I should have mentioned that the cable man came out on sunday and gave me a new router which I had mentioned to u the netgear router and another modem. Also, he replaced one of the cable wires which was damaged. However, I'm still losing connection (going on and off) on my windows 7 laptop only when I'm in my living room but not in my bedroom which is where the router is located. My mom isn't losing connection on her windows 8 laptop which she uses her computer in the next bedroom. Does this mean I would just have to stay in my bedroom?


----------



## etaf (Dec 28, 2008)

lets see the xirrus screen shot 


> However, I'm still losing connection (going on and off) on my windows 7 laptop only when I'm in my living room but not in my bedroom which is where the router is located.

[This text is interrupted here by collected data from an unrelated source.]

lemma abs_sin_pi_doubling: "\<bar>sin (pi * doubling x)\<bar> = 2 * \<bar>sin (pi * x)\<bar> * \<bar>cos (pi * x)\<bar>"
proof -
  have "\<bar>sin (pi * doubling x)\<bar> = \<bar>sin (pi * (2 * x))\<bar>"
    using abs_sin_pi_diff_int[of "2 * x" "\<lfloor>2 * x\<rfloor>"] by (simp add: doubling_def frac_def)
  also have "pi * (2 * x) = 2 * (pi * x)"
    by (metis mult.left_commute)
  finally show ?thesis
    by (simp add: sin_double abs_mult)
qed

lemma abs_sin_le_abs_sin_double:
  fixes t :: real
  assumes "\<bar>sin t\<bar> < 1/2"
  shows "\<bar>sin t\<bar> \<le> \<bar>sin (2 * t)\<bar>"
proof -
  have "\<bar>sin t\<bar>\<^sup>2 < (1/2)\<^sup>2"
    using assms by (intro power_strict_mono) auto
  have "1/2 \<le> \<bar>cos t\<bar>"
  proof (rule ccontr)
    assume "\<not> 1/2 \<le> \<bar>cos t\<bar>"
    then have "\<bar>cos t\<bar>\<^sup>2 < (1/2)\<^sup>2"
      by (intro power_strict_mono) auto
    with \<open>\<bar>sin t\<bar>\<^sup>2 < (1/2)\<^sup>2\<close> show False
      using sin_cos_squared_add[of t] by (simp add: power_divide)
  qed
  then have "\<bar>sin t\<bar> * 1 \<le> \<bar>sin t\<bar> * (2 * \<bar>cos t\<bar>)"
    by (intro mult_left_mono) auto
  then show ?thesis
    by (simp add: sin_double abs_mult)
qed

lemma sin_ge_third:
  fixes y :: real
  assumes "0 \<le> y" "y \<le> 2"
  shows "y / 3 \<le> sin y"
proof -
  have "\<bar>sin y - (\<Sum>m<3. sin_coeff m * y ^ m)\<bar> \<le> inverse (fact 3) * \<bar>y\<bar> ^ 3"
    by (rule Maclaurin_sin_bound)
  then have "\<bar>sin y - y\<bar> \<le> y ^ 3 / 6"
    using assms by (simp add: sin_coeff_def numeral_3_eq_3 fact_numeral)
  then have "y - y ^ 3 / 6 \<le> sin y"
    using abs_ge_minus_self[of "sin y - y"] by linarith
  moreover have "y ^ 3 \<le> 4 * y"
    using assms mult_mono[of y 2 y 2] mult_right_mono[of "y * y" 4 y] by (simp add: power3_eq_cube)
  ultimately show ?thesis
    by linarith
qed

lemma abs_le_abs_sin_pi:
  assumes "\<bar>u\<bar> \<le> 1/2"
  shows "\<bar>u\<bar> \<le> \<bar>sin (pi * u)\<bar>"
proof -
  have "3 * \<bar>u\<bar> \<le> pi * \<bar>u\<bar>"
    using pi_gt3 by (intro mult_right_mono) auto
  then have "\<bar>u\<bar> \<le> pi * \<bar>u\<bar> / 3"
    by simp
  also have "\<dots> \<le> sin (pi * \<bar>u\<bar>)"
  proof (intro sin_ge_third)
    have "pi * \<bar>u\<bar> \<le> pi * (1/2)"
      using assms by (intro mult_left_mono) auto
    then show "pi * \<bar>u\<bar> \<le> 2"
      using pi_less_4 by linarith
  qed simp
  also have "\<dots> = \<bar>sin (pi * \<bar>u\<bar>)\<bar>"
    using assms mult_left_le[of "\<bar>u\<bar>" pi] by (intro abs_of_nonneg[symmetric] sin_ge_zero) auto
  also have "\<dots> = \<bar>sin (pi * u)\<bar>"
    by (cases "0 \<le> u") simp_all
  finally show ?thesis .
qed

lemma abs_sub_round_lt_if_abs_sin_pi_lt:
  assumes "\<bar>sin (pi * t)\<bar> < d"
  shows "\<bar>t - round t\<bar> < d"
proof -
  have "\<bar>t - round t\<bar> \<le> 1/2"
    using of_int_round_abs_le[of t] by (simp add: abs_minus_commute)
  then have "\<bar>t - round t\<bar> \<le> \<bar>sin (pi * (t - round t))\<bar>"
    by (rule abs_le_abs_sin_pi)
  with assms show ?thesis
    by (simp only: abs_sin_pi_diff_int)
qed

lemma not_tendsto_zero_if_nondecreasing_below:
  fixes s :: "nat \<Rightarrow> real"
  assumes pos: "\<And>n. 0 < s n" and "0 < a" and grow: "\<And>n. s n < a \<Longrightarrow> s n \<le> s (Suc n)"
  shows "\<not> s \<longlonglongrightarrow> 0"
proof
  assume lim: "s \<longlonglongrightarrow> 0"
  from order_tendstoD(2)[OF lim \<open>0 < a\<close>] obtain N where small: "\<And>n. n \<ge> N \<Longrightarrow> s n < a"
    by (auto simp: eventually_sequentially)
  have "s N \<le> s n" if "N \<le> n" for n
    using that
  proof (induction rule: dec_induct)
    case (step m)
    then show ?case using grow[of m] small[of m] by linarith
  qed simp
  then have "s N \<le> 0"
    using lim by (intro LIMSEQ_le_const) auto
  with pos[of N] show False by simp
qed

lemma tendsto_zero_if_ln_over_n_tendsto_neg:
  fixes s :: "nat \<Rightarrow> real"
  assumes pos: "\<And>n. 0 < s n" and lim: "(\<lambda>n. ereal (ln (s n) / n)) \<longlonglongrightarrow> l" and "l < 0"
  shows "s \<longlonglongrightarrow> 0"
proof -
  obtain r where r: "l < ereal r" "ereal r < 0"
    using ereal_dense2[OF \<open>l < 0\<close>] by blast
  have "\<forall>\<^sub>F n in sequentially. s n \<le> exp r ^ n"
    using order_tendstoD(2)[OF lim r(1)] eventually_gt_at_top[of 0]
  proof eventually_elim
    case (elim n)
    then have "ln (s n) \<le> n * r"
      by (simp add: pos_divide_less_eq mult.commute)
    then have "exp (ln (s n)) \<le> exp (n * r)"
      by simp
    then show ?case
      using pos[of n] by (simp add: exp_of_nat_mult)
  qed
  moreover have "(\<lambda>n. exp r ^ n) \<longlonglongrightarrow> 0"
    using r(2) by (intro LIMSEQ_power_zero) simp
  moreover have "\<forall>\<^sub>F n in sequentially. 0 \<le> s n"
    using pos by (simp add: less_imp_le)
  ultimately show ?thesis
    by (intro tendsto_sandwich[of "\<lambda>_. 0" s _ "\<lambda>n. exp r ^ n"]) simp_all
qed

lemma tendsto_ln_over_n_eq_0:
  fixes s :: "nat \<Rightarrow> real"
  assumes pos: "\<And>n. 0 < s n" and le1: "\<And>n. s n \<le> 1" and "0 < a"
    and grow: "\<And>n. s n < a \<Longrightarrow> s n \<le> s (Suc n)"
    and lim: "(\<lambda>n. ereal (ln (s n) / n)) \<longlonglongrightarrow> l"
  shows "l = 0"
proof (rule antisym)
  show "l \<le> 0"
  proof (rule LIMSEQ_le_const2[OF lim], intro exI allI impI)
    fix n
    have "ln (s n) \<le> 0"
      using pos[of n] le1[of n] by simp
    then show "ereal (ln (s n) / n) \<le> 0"
      by (simp add: divide_nonpos_nonneg)
  qed
  show "0 \<le> l"
    using tendsto_zero_if_ln_over_n_tendsto_neg[where s = s, OF pos lim]
      not_tendsto_zero_if_nondecreasing_below[where s = s, OF pos \<open>0 < a\<close> grow]
    by (meson not_le)
qed

lemma tendsto_ln_over_n_zero_if_subexponential:
  fixes s :: "nat \<Rightarrow> real"
  assumes le1: "\<And>n. s n \<le> 1"
    and ge: "\<And>e::real. 0 < e \<Longrightarrow> \<forall>\<^sub>F n in sequentially. exp (- e * n) \<le> s n"
  shows "(\<lambda>n. ln (s n) / n) \<longlonglongrightarrow> 0"
proof (rule tendstoI)
  fix e :: real assume "0 < e"
  then have "e / 2 > 0" by simp
  show "\<forall>\<^sub>F n in sequentially. dist (ln (s n) / n) 0 < e"
    using ge[OF \<open>e / 2 > 0\<close>] eventually_gt_at_top[of 0]
  proof eventually_elim
    case (elim n)
    have pos: "0 < s n"
      using elim(1) by (rule less_le_trans[OF exp_gt_zero])
    have "- (e / 2) * n \<le> ln (s n)"
      using elim(1) pos by (subst ln_ge_iff) auto
    moreover have "ln (s n) \<le> 0"
      using pos le1[of n] by simp
    ultimately show ?case
      using elim(2) \<open>0 < e\<close> by (simp add: abs_if field_simps)
  qed
qed

section \<open>Birkhoff averages\<close>

lemma f0_le_0: "f0 x \<le> 0"
  by (simp add: f0_def)

lemma sin_pi_pow2_nonzero_le:
  assumes "sin (pi * (2 ^ n * x)) \<noteq> 0" and "k \<le> n"
  shows "sin (pi * (2 ^ k * x)) \<noteq> 0"
  using assms(2,1)
proof (induction rule: dec_induct)
  case (step m)
  then show ?case unfolding sin_pi_pow2_Suc by simp
qed

lemma sin_pi_pow2_nonzero_if_eventually:
  assumes "\<forall>\<^sub>F n in sequentially. sin (pi * (2 ^ n * x)) \<noteq> 0"
  shows "sin (pi * (2 ^ n * x)) \<noteq> 0"
proof -
  obtain N where "\<And>m. m \<ge> N \<Longrightarrow> sin (pi * (2 ^ m * x)) \<noteq> 0"
    using assms by (auto simp: eventually_sequentially)
  then show ?thesis
    using sin_pi_pow2_nonzero_le[of "max n N" x n] by simp
qed

lemma sum_f0_telescope:
  assumes "sin (pi * (2 ^ n * x)) \<noteq> 0"
  shows "(\<Sum>k<n. f0 (2 ^ k * x)) =
    ereal (ln \<bar>sin (pi * (2 ^ n * x))\<bar> - ln \<bar>sin (pi * x)\<bar> - real n * ln 2)"
  using assms
proof (induction n)
  case (Suc n)
  have s: "sin (pi * (2 ^ n * x)) \<noteq> 0" and c: "cos (pi * (2 ^ n * x)) \<noteq> 0"
    using Suc.prems unfolding sin_pi_pow2_Suc by simp_all
  have "ln \<bar>sin (pi * (2 ^ Suc n * x))\<bar> =
      ln 2 + ln \<bar>sin (pi * (2 ^ n * x))\<bar> + ln \<bar>cos (pi * (2 ^ n * x))\<bar>"
    using s c unfolding sin_pi_pow2_Suc by (simp add: abs_mult ln_mult)
  then show ?case
    using Suc.IH[OF s] c by (simp add: f0_def algebra_simps)
qed simp
lemma morph_decomposition_unique:
  assumes "set v \<subseteq> A" "set v' \<subseteq> A" "y \<in> A" "y' \<in> A"
    and "z \<noteq> []" "z' \<noteq> []" "prefix z (f y)" "prefix z' (f y')"
    and "morph f v @ z = morph f v' @ z'"
  shows "v = v' \<and> z = z'"
proof -
  obtain s s' where s: "z = \<alpha> # s" "\<alpha> \<notin> set s" and s': "z' = \<alpha> # s'" "\<alpha> \<notin> set s'"
    using prefix_image_marked assms by meson
  show ?thesis
    using assms(1,2,9) unfolding s(1) s'(1)
  proof (induction v arbitrary: v')
    case Nil
    then show ?case
      using marker_prefix_morph_Nil[of v' s s'] s by simp
  next
    case (Cons x v)
    show ?case
    proof (cases v')
      case Nil
      then show ?thesis
        using Cons.prems marker_prefix_morph_Nil[of "x # v" s' s] s' by simp
    next
      case (Cons x' w)
      have in_A: "x \<in> A" "x' \<in> A" "set v \<subseteq> A" "set w \<subseteq> A"
        using Cons \<open>set (x # v) \<subseteq> A\<close> \<open>set v' \<subseteq> A\<close> by auto
      obtain t t' where t: "f x = \<alpha> # t" "\<alpha> \<notin> set t" and t': "f x' = \<alpha> # t'" "\<alpha> \<notin> set t'"
        using image_marked in_A by meson
      obtain r r' where r: "morph f v @ \<alpha> # s = \<alpha> # r" and r': "morph f w @ \<alpha> # s' = \<alpha> # r'"
        using morph_append_Cons_marker in_A by meson
      have "t @ \<alpha> # r = t' @ \<alpha> # r'"
        using \<open>morph f (x # v) @ \<alpha> # s = morph f v' @ \<alpha> # s'\<close> t t' r r' Cons by simp
      then have "t = t'" "r = r'"
        using split_list_first_unique[OF t(2) t'(2)] by simp_all
      then have "morph f v @ \<alpha> # s = morph f w @ \<alpha> # s'"
        using r r' by simp
      then have "v = w \<and> \<alpha> # s = \<alpha> # s'"
        using Cons.IH in_A(3,4) by blast
      moreover have "x = x'"
        using inj_onD[OF inj_on_image] t t' \<open>t = t'\<close> in_A(1,2) by metis
      ultimately show ?thesis
        using \<open>v' = x' # w\<close> by simp
    qed
  qed
qed
lemma series_coeffs:
  assumes x: "x \<in> H0"
  shows "series (coeffs x) = x"
proof -
  define z where "z = x - series (coeffs x)"
  have "z \<in> H0"
    using x series_in_H0[OF coeffs_in_hardy] orth_compl_closed_csubspace
    unfolding z_def H0_def closed_csubspace_def by (blast intro: complex_vector.subspace_diff)
  have "coeffs z = (\<lambda>k. 0)"
    using bounded_clinear_diff[OF bounded_clinear_coeffs] coeffs_series[OF coeffs_in_hardy]
    by (simp add: z_def fun_eq_iff)
  then have "z \<in> orth_compl orbit"
    by (auto simp: orth_compl_def orbit_def cinner_coeffs[symmetric] fun_eq_iff)
  then have "z = 0" using \<open>z \<in> H0\<close> orth_compl_Int unfolding H0_def by blast
  then show ?thesis by (simp add: z_def)
qed

lemma unitary_onto_hardy_coeffs: "unitary_onto_hardy H0 L coeffs"
  unfolding unitary_onto_hardy_def
proof (intro conjI ballI allI)
  show "bij_betw coeffs H0 (hardy2_L L)"
  proof (rule bij_betw_byWitness[where f'=series])
    show "\<forall>x\<in>H0. series (coeffs x) = x" using series_coeffs by blast
    show "\<forall>f\<in>hardy2_L L. coeffs (series f) = f" using coeffs_series by blast
    show "coeffs ` H0 \<subseteq> hardy2_L L" using coeffs_in_hardy by blast
    show "series ` hardy2_L L \<subseteq> H0" using series_in_H0 by blast
  qed
  show "coeffs (x + y) = (\<lambda>k. coeffs x k + coeffs y k)" for x y
    using bounded_clinear_add[OF bounded_clinear_coeffs] by auto
  show "coeffs (scaleC c x) = (\<lambda>k. scaleC c (coeffs x k))" for c x
    using bounded_clinear_scaleC[OF bounded_clinear_coeffs] by auto
  show "(norm x)\<^sup>2 = infsum (\<lambda>k. (norm (coeffs x k))\<^sup>2) UNIV" if "x \<in> H0" for x
    using infsumI[OF has_sum_norm_series[OF coeffs_in_hardy]] series_coeffs[OF that] by simp
qed

lemma reduces_orbit: "reduces orbit V1" "reduces orbit V2"
proof -
  have "V1 (Vpow (m, n) a) \<in> orbit" "V2 (Vpow (m, n) a) \<in> orbit"
    "adj V1 (Vpow (m, n) a) \<in> orbit" "adj V2 (Vpow (m, n) a) \<in> orbit" if "a \<in> L" for m n a
  proof -
    have "Vpow (0, 0) 0 \<in> orbit" using zero_in_range unfolding orbit_def by blast
    then have "0 \<in> orbit" by simp
    then show "V1 (Vpow (m, n) a) \<in> orbit" "V2 (Vpow (m, n) a) \<in> orbit"
      "adj V1 (Vpow (m, n) a) \<in> orbit" "adj V2 (Vpow (m, n) a) \<in> orbit"
      using that by (auto simp: orbit_def adj_V1_Vpow adj_V2_Vpow Vpow_Suc1[symmetric] Vpow_Suc2[symmetric])
  qed
  then show "reduces orbit V1" "reduces orbit V2"
    unfolding reduces_def orbit_def by auto
qed

lemma reduces_H0: "reduces H0 V1" "reduces H0 V2"
  unfolding H0_def
  using reduces_orth_compl[OF bounded_clinear_V1] reduces_orth_compl[OF bounded_clinear_V2] reduces_orbit
  by blast+

lemma defect_vanishes_orth_compl_H0:
  assumes "x \<in> orth_compl H0"
  shows "C x = 0"
proof -
  have "cinner (C x) x = 0"
    using assms range_defect_subset_H0 by (auto simp: orth_compl_def)
  then have "cinner (C x) (C x) = 0"
    by (simp add: orth_proj_selfadjoint[OF orth_proj_defect] orth_proj_idem[OF orth_proj_defect])
  then show ?thesis by (simp add: cinner_eq_zero_iff)
qed

lemma reduces_orth_compl_H0: "reduces (orth_compl H0) V1" "reduces (orth_compl H0) V2"
  using reduces_orth_compl[OF bounded_clinear_V1] reduces_orth_compl[OF bounded_clinear_V2] reduces_H0
  by blast+

lemma defect_on_orth_compl_H0:
  assumes "x \<in> orth_compl H0"
  shows "defect_on (orth_compl H0) V1 V2 x = 0"
proof -
  have "csubspace (orth_compl H0)"
    using orth_compl_closed_csubspace[of H0] by (simp add: closed_csubspace_def)
  then show ?thesis
    using defect_on_eq_defect[OF _ bounded_clinear_V1 bounded_clinear_V2 reduces_orth_compl_H0 assms]
      defect_vanishes_orth_compl_H0[OF assms] by simp
qed

lemma range_defect_subset_ker: "L \<subseteq> {x. adj (V1 \<circ> V2) x = 0}"
  by (auto simp: adj_compose[OF bounded_clinear_V1 bounded_clinear_V2] adj_V1_defect
      bounded_clinear_zero[OF bounded_clinear_adj[OF bounded_clinear_V2]])

text \<open>For a \<noteq> 0 in L, V1 a lies in ker (V1 V2)^* but is orthogonal to L.\<close>

lemma range_defect_neq_ker:
  assumes "C \<noteq> (\<lambda>x. 0)"
  shows "L \<noteq> {x. adj (V1 \<circ> V2) x = 0}"
proof
  assume eq: "L = {x. adj (V1 \<circ> V2) x = 0}"
  obtain x where "C x \<noteq> 0" using assms by (auto simp: fun_eq_iff)
  define a where "a = C x"
  have "a \<in> L" "a \<noteq> 0" using \<open>C x \<noteq> 0\<close> by (simp_all add: a_def)
  have "adj (V1 \<circ> V2) (V1 a) = 0"
    by (simp add: adj_compose[OF bounded_clinear_V1 bounded_clinear_V2]
        adj_isometry_cancel[OF isometry_V1] adj_V2_range[OF \<open>a \<in> L\<close>])
  then have "V1 a \<in> L" using eq by simp
  then have "cinner (V1 a) (V1 a) = 0"
    by (simp add: cinner_adj_right[OF bounded_clinear_V1, symmetric] adj_V1_range)
  then show False using \<open>a \<noteq> 0\<close> by (simp add: isometry_cinner[OF isometry_V1] cinner_eq_zero_iff)
qed

lemma same_hilbert_dim_range_defect: "same_hilbert_dim L (closure L)"
proof -
  obtain B where "is_onb L B" using orthonormal_basis_exists[OF closed_csubspace_range] by blast
  moreover have "closure L = L"
    using closed_csubspace_range by (simp add: closed_csubspace_def)
  ultimately show ?thesis unfolding same_hilbert_dim_def using bij_betw_id by metis
qed

end
(* Let $(R,\mathfrak{m})$ be a Noetherian local ring and let $I$ be an ideal of $R$. Let $x_1,\ldots,x_s,y$ be a minimal generating set of $I$ and $J=(x_1,\ldots,x_s)$. Assume that $x_1,\ldots,x_s$ is an $R$-sequence and that the initial forms $x_1^*,\ldots,x_{s-1}^*$ form a $\mathbf{G}(I)$-sequence. Then, for each $n\geq 2$, every $F\in Q_n$ satisfies $F(0,\ldots,0,1)\in (JI^{n-1}:y^n)$, and the map $F\mapsto F(0,\ldots,0,1)$ induces an isomorphism of $R$-modules $$\left[\frac{Q}{Q\langle n-1\rangle}\right]_n\cong \frac{JI^{n-1}:y^{n}}{JI^{n-2}:y^{n-1}}.$$ In particular, if $J$ is a reduction of $I$ with reduction number $r=\mathrm{r}_J(I)$, then $\mathrm{rt}(I)=\mathrm{r}_J(I)+1$ and there is a form $Y^{r+1}-\sum_{i=1}^s X_iF_i\in Q_{r+1}$, with $F_i\in V_r$, such that $Q=(Y^{r+1}-\sum_i X_iF_i)+Q\langle r\rangle$.
   Context: $\mathbf{R}(I)=R[It]=\bigoplus_{n\geq0}I^nt^n$ is the Rees algebra and $\mathbf{G}(I)=\bigoplus_{n\geq 0}I^n/I^{n+1}$ the associated graded ring; $x_i^*$ denotes the class of $x_i$ in $I/I^2$. $V=R[X_1,\ldots,X_s,Y]$ is a polynomial ring graded by total degree in the variables, $V_n$ its degree-$n$ component, and $\varphi:V\to\mathbf{R}(I)$ is the graded $R$-algebra map with $X_i\mapsto x_it$, $Y\mapsto yt$. $Q=\ker\varphi=\bigoplus_{n\geq1}Q_n$ (the equations of $\mathbf{R}(I)$), and for $n\geq1$, $Q\langle n\rangle$ is the ideal of $V$ generated by the homogeneous elements of $Q$ of degree at most $n$; $[Q/Q\langle n-1\rangle]_n$ denotes the degree-$n$ component. Convention $I^0=R$. The relation type $\mathrm{rt}(I)$ is the least $N\geq1$ with $Q=Q\langle N\rangle$. $J\subseteq I$ is a reduction of $I$ if $I^{m+1}=JI^m$ for some $m\geq 0$, and the reduction number $\mathrm{r}_J(I)$ is the least such $m$. *)

theory Defs
  imports Main "HOL-Library.Poly_Mapping" "HOL-Computational_Algebra.Polynomial"
begin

One in the bedroom where it works OK
and one in the Living room - leave the graph on xirrus running until a disconnect and then do a screen shot - so we can see the graph when it disconnects please


----------



## sweetlady (Aug 13, 2003)

Now my internet connection is working better than it was. I have connection now both in my bedroom and living room, for some reason it's not going on and off like it was. Etaf thanks for taking the time to help me, although my internet connection isn't going on and off like it was.


----------



## etaf (Dec 28, 2008)

you are welcome 

It maybe worth seeing the xirrus screen shots - just in case things can be identified , which may help if it goes wrong again


----------